Discussion and conclusion
We explored the motivational factors for COVID-19 vaccination hesitancy in Austria, a country with one of the lowest vaccination rates in Western Europe,3 comparatively high infection numbers, and increasing societal polarization in autumn 2021, at a point when the vaccination rate had already plateaued for a while. While the different communicative and incentive strategies tested resulted in apparent differences in the perceived attractiveness of vaccination communication, most of the strategies in the two conjoint experiments did not show significant effects on vaccination readiness. This suggests that the remaining group of unvaccinated people is not easily swayed by communication interventions alone. The most important recommendations that we can derive from the first experiment are: (1) involving healthcare providers, physicians, and scientific expertise in the campaign, (2) a fixed financial reward being preferable to a lottery and (3) easing societal restrictions, if possible, having the strongest appeal among the remaining unvaccinated. From the second experiment, further implications can be derived: (1) news coverage framing should focus on effectiveness of vaccination rather than breakthrough infections, (2) side effects should be communicated clearly and transparently using verbal and numeric information, (3) standard marketing authorization would be desirable.
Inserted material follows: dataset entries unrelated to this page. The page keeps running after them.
(* Let $X$ be a $T_0$ topological space with a countable basis. The following are equivalent: (1) player Nonempty has a convergent winning strategy in the Choquet game $\mathit{Ch}(X)$; (2) player Nonempty has a stationary convergent winning strategy in $\mathit{Ch}(X)$; (3) $X$ is quasi-Polish.
   Context: Choquet game $\mathit{Ch}(X)$: players Empty and Nonempty alternate for $\omega$ rounds; in round $i$ Empty chooses $(x_i,U_i)$ with $U_i$ open, $x_i\in U_i$, and $U_i\subseteq V_{i-1}$ for $i\ge1$; Nonempty answers with an open $V_i$ with $x_i\in V_i\subseteq U_i$. Nonempty wins iff $\bigcap_iV_i\ne\emptyset$. A strategy maps partial plays ending with a move of the opponent to a move; it is winning if every play following it is won. A winning strategy for Nonempty is stationary if it depends only on the last move of Empty, and convergent if in every play following it the $V_i$ form a neighborhood basis of some point of $\bigcap_iV_i$. Quasi-Polish: second countable space whose topology is induced by a complete quasi-metric ($d:X^2\to[0,\infty)$ with $x=y\iff d(x,y)=d(y,x)=0$ and triangle inequality; complete: every sequence with $\lim_n\sup_{p\ge n}d(x_n,x_p)=0$ converges for $\max(d(x,y),d(y,x))$). *)

theory Defs
  imports "HOL-Analysis.Analysis"
begin

text \<open>A move of Empty is a pair (x, U); a move of Nonempty is an open set V.
  A partial play is recorded as the list of completed rounds ((x_j, U_j), V_j);
  a strategy for Nonempty maps such a history together with the current move
  of Empty to the answer of Nonempty.\<close>

type_synonym 'a ch_history = "(('a \<times> 'a set) \<times> 'a set) list"
type_synonym 'a ch_strategy = "'a ch_history \<Rightarrow> ('a \<times> 'a set) \<Rightarrow> 'a set"

definition ch_hist :: "(nat \<Rightarrow> 'a) \<Rightarrow> (nat \<Rightarrow> 'a set) \<Rightarrow> (nat \<Rightarrow> 'a set) \<Rightarrow> nat \<Rightarrow> 'a ch_history" where
  "ch_hist x U V n = map (\<lambda>j. ((x j, U j), V j)) [0..<n]"

definition ch_empty_ok :: "'a topology \<Rightarrow> (nat \<Rightarrow> 'a) \<Rightarrow> (nat \<Rightarrow> 'a set) \<Rightarrow> (nat \<Rightarrow> 'a set) \<Rightarrow> nat \<Rightarrow> bool" where
  "ch_empty_ok X x U V i \<longleftrightarrow> openin X (U i) \<and> x i \<in> U i \<and> (0 < i \<longrightarrow> U i \<subseteq> V (i - 1))"

text \<open>A partial play following sigma that ends with the move (x n, U n) of Empty.\<close>
definition ch_partial_play :: "'a topology \<Rightarrow> 'a ch_strategy \<Rightarrow> (nat \<Rightarrow> 'a) \<Rightarrow> (nat \<Rightarrow> 'a set) \<Rightarrow> (nat \<Rightarrow> 'a set) \<Rightarrow> nat \<Rightarrow> bool" where
  "ch_partial_play X \<sigma> x U V n \<longleftrightarrow>
     (\<forall>i\<le>n. ch_empty_ok X x U V i) \<and> (\<forall>i<n. V i = \<sigma> (ch_hist x U V i) (x i, U i))"

definition ch_play :: "'a topology \<Rightarrow> 'a ch_strategy \<Rightarrow> (nat \<Rightarrow> 'a) \<Rightarrow> (nat \<Rightarrow> 'a set) \<Rightarrow> (nat \<Rightarrow> 'a set) \<Rightarrow> bool" where
  "ch_play X \<sigma> x U V \<longleftrightarrow>
     (\<forall>i. ch_empty_ok X x U V i \<and> V i = \<sigma> (ch_hist x U V i) (x i, U i))"

definition ch_winning :: "'a topology \<Rightarrow> 'a ch_strategy \<Rightarrow> bool" where
  "ch_winning X \<sigma> \<longleftrightarrow>
     (\<forall>x U V n. ch_partial_play X \<sigma> x U V n \<longrightarrow>
        openin X (\<sigma> (ch_hist x U V n) (x n, U n)) \<and>
        x n \<in> \<sigma> (ch_hist x U V n) (x n, U n) \<and>
        \<sigma> (ch_hist x U V n) (x n, U n) \<subseteq> U n) \<and>
     (\<forall>x U V. ch_play X \<sigma> x U V \<longrightarrow> (\<Inter>i. V i) \<noteq> {})"

definition ch_stationary :: "'a ch_strategy \<Rightarrow> bool" where
  "ch_stationary \<sigma> \<longleftrightarrow> (\<exists>f. \<forall>h m. \<sigma> h m = f m)"

definition ch_convergent :: "'a topology \<Rightarrow> 'a ch_strategy \<Rightarrow> bool" where
  "ch_convergent X \<sigma> \<longleftrightarrow>
     (\<forall>x U V. ch_play X \<sigma> x U V \<longrightarrow>
        (\<exists>y \<in> (\<Inter>i. V i). \<forall>W. openin X W \<and> y \<in> W \<longrightarrow> (\<exists>i. V i \<subseteq> W)))"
Based on these results, we also expect limited impact of any intervention, including nudging strategies or even vaccine mandates, in the current situation due to the strong opposition to vaccination among a sizable subgroup of unvaccinated. Those who have not been vaccinated so far are strongly concerned about unforeseen side effects, lack trust, and show spiritual beliefs that could prevent them from getting vaccinated. Interestingly women were overrepresented among the unvaccinated individuals in our study. They showed significantly higher belief scores in paradigmatic assumptions, which individual decisions or scientific findings could scarcely influence. Likewise, strong trust in so-called ‘alternative medical methods’ such as homeopathy and the assumption that the own immune system would be sufficient in fighting COVID-19 was present in our sample.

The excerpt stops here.